El traidor es condenado a muerte y colgado esa misma noche de la flamante horca erigida en mitad del campo público. El pueblo elige a uno de los carpinteros para que organice la defensa; las primeras órdenes del nuevo jefe son que se levanten barricadas en los campos, se integre un ejército popular y se vigile a los vecinos para impedir futuras traiciones.
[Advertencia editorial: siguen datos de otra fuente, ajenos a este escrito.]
(* Step 3 for one factor: if S j is g-barrelled, the restrictions to the j-th factor of a
   compact set M of characters of the product form a compact, hence equicontinuous, set
   of characters of S j, so they tend to 1 uniformly on M along any filter converging to 0. *)
lemma coordinate_equicontinuous:
  assumes gb: "g_barrelled (S j) (c j)" and M: "compact M" "M \<subseteq> characters P C"
    and F: "C F 0"
  shows "((\<lambda>(\<phi>, x). \<phi> (unit_vec j (x j))) \<longlongrightarrow> 1) (principal M \<times>\<^sub>F F)"
proof -
  define restrict where "restrict \<phi> = (\<lambda>a. \<phi> (unit_vec j a))" for \<phi> :: "('i \<Rightarrow> 'a) \<Rightarrow> complex"
  have "restrict ` M \<subseteq> characters (S j) (c j)"
    using M(2) coordinate_character by (auto simp: restrict_def)
  moreover have "compact (restrict ` M)"
  proof (rule compact_continuous_image[OF _ M(1)])
    have "continuous_on UNIV restrict" unfolding restrict_def
      by (intro continuous_on_coordinatewise_then_product continuous_on_product_coordinates)
    thus "continuous_on M restrict" by (rule continuous_on_subset) simp
  qed
  ultimately have "equicontinuous (c j) (restrict ` M)" using gb by (simp add: g_barrelled_def)
  moreover have "c j (filtermap (\<lambda>x. x j) F) 0" using F by (simp add: prod_conv_def)
  ultimately have "filterlim (\<lambda>(\<psi>, a). \<psi> a) (nhds 1)
      (principal (restrict ` M) \<times>\<^sub>F filtermap (\<lambda>x. x j) F)"
    by (simp add: equicontinuous_def)
  thus ?thesis
    unfolding filtermap_principal[symmetric] prod_filtermap1 prod_filtermap2 filterlim_filtermap
    by (simp add: restrict_def case_prod_unfold)
qed

(* The product of g-barrelled groups is g-barrelled: a compact M is supported by one finite
   set J, so each phi in M is the finite product over j in J of its restrictions to the
   factors, and each of these tends to 1 uniformly on M by coordinate_equicontinuous. *)
lemma prod_g_barrelled:
  assumes gb: "\<And>i. g_barrelled (S i) (c i)"
  shows "g_barrelled P C"
  unfolding g_barrelled_def equicontinuous_def
proof (intro allI impI)
  fix M F assume M: "M \<subseteq> characters P C \<and> compact M" and F: "C F 0"
  obtain J where J: "finite J" "\<forall>\<phi>\<in>M. supported_by S \<phi> J"
    using uniform_support M by blast
  have "((\<lambda>p. \<Prod>j\<in>J. (\<lambda>(\<phi>, x). \<phi> (unit_vec j (x j))) p) \<longlongrightarrow> (\<Prod>j\<in>J. 1)) (principal M \<times>\<^sub>F F)"
    using M by (intro tendsto_prod coordinate_equicontinuous[OF gb _ _ F]) auto
  moreover have "eventually (\<lambda>p. (\<Prod>j\<in>J. (\<lambda>(\<phi>, x). \<phi> (unit_vec j (x j))) p) = (\<lambda>(\<phi>, x). \<phi> x) p)
      (principal M \<times>\<^sub>F F)"
    unfolding eventually_prod_filter
  proof (intro exI conjI allI impI)
    show "eventually (\<lambda>\<phi>. \<phi> \<in> M) (principal M)" by (simp add: eventually_principal)
    show "eventually (\<lambda>x. x \<in> P) F" using F by (simp add: prod_conv_def)
    fix \<phi> x assume "\<phi> \<in> M" "x \<in> P"
    thus "(\<Prod>j\<in>J. (\<lambda>(\<phi>, x). \<phi> (unit_vec j (x j))) (\<phi>, x)) = (\<lambda>(\<phi>, x). \<phi> x) (\<phi>, x)"
      using char_factor[of \<phi> J x] J M by auto
  qed
  ultimately show "filterlim (\<lambda>(\<phi>, x). \<phi> x) (nhds 1) (principal M \<times>\<^sub>F F)"
    using tendsto_cong by fastforce
qed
Viejo: se te suplica que permanezcas en tu choza; y a ella, de tarde en tarde, llegan grupos de militas a entregarte flores y a honrarte como el fundador de la comuna; pero no te atreves a averiguar lo que realmente está sucediendo. El nuevo jefe te ha advertido eme si vuelves a hablar, que si vuelves a repetir las razones que expresaste durante la asamblea, serás exiliado de la comuna; y si, fuera de ella, insistes en argumentar, serás considerado traidor y asesinado a la luz del día. Miras, desde tu ventana, la horca levantada en la plaza comunal. Tienes la impresión de que sólo el verdugo y tú permanecen inmóviles, esperando, siempre, mientras un mundo incomprensible corre velozmente ante tu mirada, manifestándose sin concierto, con rumores de cabalgata y llanto, arcabucería e incendio. ¿De dónde provienen las armas que los comuneros emplean para luchar contra el Señor? Lo averiguas el día en que ves en la plaza comuna] los pendones y la infantería de un Señor rival del que a ustedes los ha oprimido siempre. Todos los días nuevos hombres son colgados; tú ya no sabes, ni quieres saber, si son hombres de la comuna o soldados del Señor. Se dice (a veces las mujeres dolientes se atreven a comunicarte los rumores) que muchos comuneros se han opuesto a las alianzas que, invocando la necesidad de sobrevivir, ha concluido el nuevo jefe con los nobles rivales del Señor. Una vez, el nuevo jefe te visitó y te dijo:
—Pedro, espero que algún día, cuando volvamos a vivir en paz, podamos levantarte un monumento allí donde ahora está el patíbulo.